# Forum Home Renovation Kitchens  Glass Splashbacks over Tiles

## nadman

Hi I've been reading thru this forum for a while as it's handy to read what others have done when you're renovating a 30yo house. :Smilie:    *To my question, is it possible to attach glass splashbacks over existing wall tiles? Or Ceramilite(laminate) over tiles?* 
Unfortunately my wall tiling didn't go as well as my floor tiling and we're left with an ugly mess for splashbacks. I can't find the strength to remove the current tiles after spending several weekends removing the previous tiles and applying the current tiles. 
Any help is appreciated. 
Dan

----------


## Bodgy

You shouldn't have a problem. Assuming you will stick the glass on, just ensure that you take the glaze off the tiles to allow proper adhesion. Blobs every 300mm should do. 
Just ensure that if your glass is coloured, ie painted on the back, that the glue will not interact with the paint, thus causing visible patches where you glued. 
You could also have the glass drilled and attach like a mirror, ie those screws with the chrome (or whatever colour you wish) domes that cover the screw head. 
Finally, if this is to go behind the stove, ensure you use toughened glass. 
Get ready for a shock when you price the glass!

----------


## miff

Dan, 
I do frameless glass and splash backs for a living, so here are a few things to consider  
1. glue it on over tiles is fine if the tiles are glued onto the wall properly, no point sticking the glass to tiles to find the tiles fall off. 
2. 6mm toughened glass is a must (Safety first) 
3. Glass painter should do many coats of paint or the silicone used as glue will show through. 
4. colours such as white on 6mm glass have a green tinge, window glass is the same, it has a green tinge to it, low iron (starphire glass) will not change the colour painted on it, but it is more expensive. green tinge isn't a problem if your walls are green. If you get my point? 
5. Any power points may require longer screws to re fit through the glass with the additional height, 6mm glass 2-3mm silicone may make a difference. 
7. White painted 6mm toughened is around / up to $200 sqm installed  
8. V60 glazing silicone or similar is the stuff you want to use to stick it on, clean tiles very well with metho or similer  
Paul

----------


## totoblue

> *To my question, is it possible to attach glass splashbacks over existing wall tiles? Or Ceramilite(laminate) over tiles?*

  Laminex wet area panelling is another possibility (but not behind the cooktop).  It's 2.7mm thick, from memory.  Thickness may be an issue if your splashback butts up to architrave etc (would look a bit funny if splashback was proud of the architrave).

----------


## nadman

Thanks for the feedback.
I'm going to try the tile paint first as I'm optimistic this will cover the errors. Plus after pricing the glass it is allot cheaper.

----------


## Damon_11

> Dan, 
> 4. colours such as white on 6mm glass have a green tinge, window glass is the same, it has a green tinge to it, low iron (starphire glass) will not change the colour painted on it, but it is more expensive. green tinge isn't a problem if your walls are green. If you get my point?

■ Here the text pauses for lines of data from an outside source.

(* For every bi-separated graph with distinguished subsets $\dot E=(E,(C,S),(D,T))$, the natural $K$-algebra homomorphism from the path algebra $K(E)$ to $\mathcal A_K(\dot E)$ (sending each vertex and edge to its class) is injective.
   Context: $K$ is a field. A graph $E=(E^0,E^1,r,s)$; its path algebra $K(E)$ is the free $K$-algebra on $E^0\cup E^1$ modulo $vw=\delta_{vw}v$ and $s(e)e=e=er(e)$. A bi-separated graph with distinguished subsets is $\dot E=(E,(C,S),(D,T))$ where $C=\bigsqcup_v C_v$, $C_v$ a partition of $s^{-1}(v)$ into nonempty sets for each non-sink $v$; $D=\bigsqcup_v D_v$, $D_v$ a partition of $r^{-1}(v)$ for each non-source $v$; $|X\cap Y|\le1$ for $X\in C,Y\in D$; $S\subseteq C_{\rm fin}=\{X\in C:|X|<\infty\}$, $T\subseteq D_{\rm fin}=\{Y\in D:|Y|<\infty\}$. For $X\in C$, $s(X)$ is the common source of its edges; for $Y\in D$, $r(Y)$ the common range; $XY=YX$ is the unique edge of $X\cap Y$ if nonempty, else $0$. The double graph $\widehat E$ adds edges $e^*$ with $s(e^* )=r(e)$, $r(e^* )=s(e)$, and $K(\widehat E)$ is its path algebra. The Cohn–Leavitt path algebra $\mathcal A_K(\dot E)$ is the quotient of $K(\widehat E)$ by: for all $X,X'\in S$, $\sum_{Y\in D}(XY)(YX')^*=\delta_{X,X'}s(X)$; for all $Y,Y'\in T$, $\sum_{X\in C}(YX)^*(XY')=\delta_{Y,Y'}r(Y)$ (with $0^*=0$). *)

theory Defs
  imports Main
begin

text \<open>An element of the free K-algebra on an alphabet of generators is a finitely
supported function from words (lists of generators) to K.\<close>

definition fa_zero :: "'g list \<Rightarrow> 'k::field" where
  "fa_zero = (\<lambda>w. 0)"

definition fa_add :: "('g list \<Rightarrow> 'k::field) \<Rightarrow> ('g list \<Rightarrow> 'k) \<Rightarrow> ('g list \<Rightarrow> 'k)" where
  "fa_add p q = (\<lambda>w. p w + q w)"

definition fa_diff :: "('g list \<Rightarrow> 'k::field) \<Rightarrow> ('g list \<Rightarrow> 'k) \<Rightarrow> ('g list \<Rightarrow> 'k)" where
  "fa_diff p q = (\<lambda>w. p w - q w)"

definition fa_smult :: "'k::field \<Rightarrow> ('g list \<Rightarrow> 'k) \<Rightarrow> ('g list \<Rightarrow> 'k)" where
  "fa_smult c p = (\<lambda>w. c * p w)"

definition fa_mult :: "('g list \<Rightarrow> 'k::field) \<Rightarrow> ('g list \<Rightarrow> 'k) \<Rightarrow> ('g list \<Rightarrow> 'k)" where
  "fa_mult p q = (\<lambda>w. \<Sum>i\<le>length w. p (take i w) * q (drop i w))"

definition fa_sum :: "('a \<Rightarrow> 'g list \<Rightarrow> 'k::field) \<Rightarrow> 'a set \<Rightarrow> ('g list \<Rightarrow> 'k)" where
  "fa_sum F A = (\<lambda>w. \<Sum>a\<in>A. F a w)"

definition fa_mono :: "'g list \<Rightarrow> ('g list \<Rightarrow> 'k::field)" where
  "fa_mono u = (\<lambda>w. if w = u then 1 else 0)"

definition fa_gen :: "'g \<Rightarrow> ('g list \<Rightarrow> 'k::field)" where
  "fa_gen x = fa_mono [x]"

definition fa_elem :: "'g set \<Rightarrow> ('g list \<Rightarrow> 'k::field) \<Rightarrow> bool" where
  "fa_elem A p \<longleftrightarrow> finite {w. p w \<noteq> 0} \<and> (\<forall>w. p w \<noteq> 0 \<longrightarrow> w \<in> lists A)"

inductive_set fa_ideal :: "'g set \<Rightarrow> ('g list \<Rightarrow> 'k::field) set \<Rightarrow> ('g list \<Rightarrow> 'k) set"
  for A :: "'g set" and R :: "('g list \<Rightarrow> 'k) set" where
  zero: "fa_zero \<in> fa_ideal A R"
| gen: "r \<in> R \<Longrightarrow> u \<in> lists A \<Longrightarrow> w \<in> lists A \<Longrightarrow>
          fa_mult (fa_mult (fa_mono u) r) (fa_mono w) \<in> fa_ideal A R"
| add: "x \<in> fa_ideal A R \<Longrightarrow> y \<in> fa_ideal A R \<Longrightarrow> fa_add x y \<in> fa_ideal A R"
| smult: "x \<in> fa_ideal A R \<Longrightarrow> fa_smult c x \<in> fa_ideal A R"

  Hey Miff, her in Perth with limited suppliers, they charge $350/m and run a myth that it's all a very special process.  Can you spray safety glass with 2 pack epoxy paint for the same effect? 
Cheers...DC

----------


## Aangelique1611

Hey, do you reckon you can post back and let me know how you go with the tile paint? I'm going to be painting my tiled splashback next month so would like to know how you think it looks? 
Hope to hear more! Ta!

----------